Agenda item

Financial outturn 2019-20

To consider the report of the Head of Finance.

Minutes:

Cabinet member for finance and corporate assets, Councillor Andrew Crawford, introduced the report.

 

Officers Simon Hewings, Interim Head of finance, and Richard Spraggett, Finance business partner, were present to answer questions.

 

This report outlines the revenue and capital outturn for 2019-20.

 

On revenue, there is an underspend of £1.5 million on net service expenditure. Half of this underspend is for one-off schemes which have been carried over to 2020-21. Details are in the report.

Capital: underspend of £3.5 million, details and significant variances are detailed in the report.

 

Chair welcomed the committee to ask questions. The discussions are outlined below:

 

  • Item 12: variance due to empty commercial properties. This was queried and finance officers will prepare a written response.
  • Planning fees – they were below target due to a market slowdown. Finance officers will provide a written response. Officers did add that there was some uncertainty and a slow down due to leaving the EU.
  • Page five – officers clarified the contingency figure. This figure is broken down in table three.
  • Table three – £1.6 million for grants and contributions – finance officers explained that this figure is for housing benefit payment and housing subsidy – see table two.
  • Page eight, table four – the last two years variance is around £700,000, it was asked if officers could add some previous year’s values to see the trends?
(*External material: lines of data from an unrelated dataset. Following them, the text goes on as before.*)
lemma H0_if_gslope_eq:
  fixes f l :: "'a::metric_space \<Rightarrow> real"
  assumes "complete (UNIV :: 'a set)" and f_nonneg: "\<And>x. 0 \<le> f x"
    and f_lsc: "\<And>c. closed {x. f x \<le> c}"
    and slope: "\<And>x. gslope (\<lambda>x. ereal (f x)) x = ereal (l x)"
  shows "H0 l"
proof -
  have l_nonneg: "0 \<le> l x" for x
    using gslope_nonneg[of "\<lambda>x. ereal (f x)" x] slope[of x] by simp
  have "bdd_below (range f)"
    using f_nonneg by (intro bdd_belowI2[where m = 0])
  define \<delta> :: "nat \<Rightarrow> real" where "\<delta> n = (1 / 2) ^ n" for n
  obtain y where descent: "\<And>n. f (y (Suc n)) + \<delta> n * dist (y n) (y (Suc n)) \<le> f (y n)"
    and "\<And>n. gslope (\<lambda>x. ereal (f x)) (y (Suc n)) \<le> ereal (\<delta> n)"
    using ekeland_descent_sequence[OF \<open>complete UNIV\<close> \<open>bdd_below (range f)\<close> f_lsc, of \<delta>]
    by (auto simp: \<delta>_def)
  then have l_small: "l (y (Suc n)) \<le> \<delta> n" for n
    using slope by simp
  define xs where "xs n = y (Suc n)" for n
  \<comment> \<open>The factor \<open>\<delta> n = 2 \<delta> (Suc n)\<close> makes the weighted steps telescope against the values of \<open>f\<close>.\<close>
  have telescoping: "l (xs n) * dist (xs n) (xs (Suc n)) \<le> 2 * f (xs n) - 2 * f (xs (Suc n))" for n
  proof -
    have "l (xs n) * dist (xs n) (xs (Suc n)) \<le> \<delta> n * dist (xs n) (xs (Suc n))"
      unfolding xs_def using l_small by (intro mult_right_mono) auto
    also have "\<dots> = 2 * (\<delta> (Suc n) * dist (y (Suc n)) (y (Suc (Suc n))))"
      by (simp add: \<delta>_def xs_def)
    also have "\<dots> \<le> 2 * f (xs n) - 2 * f (xs (Suc n))"
      using descent[of "Suc n"] by (simp add: xs_def)
    finally show ?thesis .
  qed
  have "summable (\<lambda>n. l (xs n) * dist (xs n) (xs (Suc n)))"
    using l_nonneg f_nonneg
    by (intro summable_if_le_telescoping[where g = "\<lambda>n. 2 * f (xs n)"] telescoping) simp_all
  moreover have "(\<lambda>n. l (xs n)) \<longlonglongrightarrow> 0"
  proof (rule tendsto_sandwich[of "\<lambda>_. 0" _ _ \<delta>])
    show "\<delta> \<longlonglongrightarrow> 0"
      unfolding \<delta>_def[abs_def] by (rule LIMSEQ_power_zero) simp
  qed (auto simp: xs_def l_nonneg l_small)
  ultimately show ?thesis
    unfolding H0_def by blast
qed

lemma H0_if_solves_G0:
  fixes l :: "'a::metric_space \<Rightarrow> real"
  assumes "complete (UNIV :: 'a set)" and "solves_G 0 l u"
  shows "H0 l"
proof -
  have slope: "gslope u x = ereal (l x)" for x
    using \<open>solves_G 0 l u\<close> by (simp add: solves_G_def zero_ereal_def[symmetric])
  have "u x \<noteq> \<infinity>" "u x \<noteq> -\<infinity>" for x
    using slope[of x] \<open>solves_G 0 l u\<close> by (auto simp: gslope_def solves_G_def)
  then have "ereal (real_of_ereal (u x)) = u x" for x
    by (cases "u x") auto
  then have u_real: "u = (\<lambda>x. ereal (real_of_ereal (u x)))"
    by simp
  show ?thesis
  proof (rule H0_if_gslope_eq[OF \<open>complete UNIV\<close>, where f = "\<lambda>x. real_of_ereal (u x)"])
    have "(INF x. u x) \<le> u x" for x
      by (rule INF_lower) simp
    then show "0 \<le> real_of_ereal (u x)" for x
      using \<open>solves_G 0 l u\<close> by (simp add: solves_G_def real_of_ereal_pos)
    have "closed {x. u x \<le> ereal c}" for c
      using \<open>solves_G 0 l u\<close> by (simp add: solves_G_def lsc_def)
    then show "closed {x. real_of_ereal (u x) \<le> c}" for c
      by (subst (asm) u_real) simp
    show "gslope (\<lambda>x. ereal (real_of_ereal (u x))) x = ereal (l x)" for x
      using slope by (simp flip: u_real)
  qed
qed

theorem corollary3p8:
  fixes l :: "'a::metric_space \<Rightarrow> real"
  assumes l_nonneg: "\<And>x. l x \<ge> 0"
    and l_lsc: "lsc (\<lambda>x. ereal (l x))"
    and l_inf: "(INF x. l x) = 0"
  shows "(\<forall>lam>0. \<exists>v :: 'a \<Rightarrow> real. solves_G lam l (\<lambda>x. ereal (v x)))
    \<and> (H0 l \<longrightarrow> (\<exists>v :: 'a \<Rightarrow> real. solves_G 0 l (\<lambda>x. ereal (v x))))
    \<and> (complete (UNIV :: 'a set) \<longrightarrow> ((\<exists>u. solves_G 0 l u) \<longleftrightarrow> H0 l))"
  using exists_solution_G_pos[OF l_nonneg l_lsc l_inf] exists_solution_G0_if_H0[OF l_nonneg l_lsc]
    H0_if_solves_G0
  by blast

end
(* Let $n\ge 2$. For each measurable function $f:\mathbb{R}\to\mathbb{R}$ and each real number $x$, the following are equivalent: (a) the Peano derivative $f_{(n-1)}(x)$ exists and, for every $j=0,1,\dots,n-2$, the limit $$D_{n,j}f(x)=\lim_{h\to0}h^{-n}\sum_{i=0}^n(-1)^i\binom ni f\big(x+(n+j-i)h\big)$$ exists (as a finite real number); (b) the Peano derivative $f_{(n)}(x)$ exists. *)

theory Defs
  imports "HOL-Analysis.Analysis"
begin

definition peano_diff :: "(real \<Rightarrow> real) \<Rightarrow> real \<Rightarrow> nat \<Rightarrow> bool" where
  "peano_diff f x k \<longleftrightarrow>
     (\<exists>c::nat \<Rightarrow> real. c 0 = f x \<and>
        ((\<lambda>h. (f (x + h) - (\<Sum>i\<le>k. c i * h ^ i / fact i)) / h ^ k) \<longlongrightarrow> 0) (at 0))"

definition D_quot :: "nat \<Rightarrow> nat \<Rightarrow> (real \<Rightarrow> real) \<Rightarrow> real \<Rightarrow> real \<Rightarrow> real" where
  "D_quot n j f x h =
     (\<Sum>i\<le>n. (-1) ^ i * real (n choose i) * f (x + (real n + real j - real i) * h)) / h ^ n"

end

theory Submission
  imports Defs
begin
Officers responded that they’ve tended to see that the number was bigger previously. In recent years, officers have worked to tackle excess budgets and reduce the variance. Written answer to follow.
  • Housing benefits and rent allowances – table two, page five – it was asked what a rent allowance overpayment is? Officer responded that if a recipient of the benefit doesn’t notify of a change in circumstances, the council is entitled to claim back the overpayment and we will get a government subsidy for part of that overpayment. It is a difficult debt to collect. Universal credit is lowering this – there are no new customers and this also impacts rent allowance income. There was a Department for Work and Pensions issue regarding getting information. There is now more real-time reporting, so there are less overpayments.
  • When is the audit taking place? What variance is being expected? Officers replied that the audit is expected at the end of 2020 or early 2021. There is not normally an issue with revenue outturn. These are not the biggest numbers in the accounts. Unlikely to see a significant change. If there is a material change (unlikely) it may come back to scrutiny then, if requested.
  • Page nine – slippage: These are capital items, and these are listed in appendix four. There is not that many of them – Faringdon Leisure pitch is one – there were technical issues and this project will move into 2020-21. Affordable housing is the largest – this has gone to Council and the budget will be used but waiting to be attached to projects. Some of the affordable housing is linked to Growth Deal, its being dealt with. Optimism is being replaced with realistic profiles, and especially this year where there have been unexpected events and we can still expect slippage for this year because of that.
  • It was confirmed that capital cannot be transferred to revenue, this is because of government regulations. There are strict rules on what counts as revenue.

 

Chair thanked officers and Cabinet member for bringing the report to scrutiny.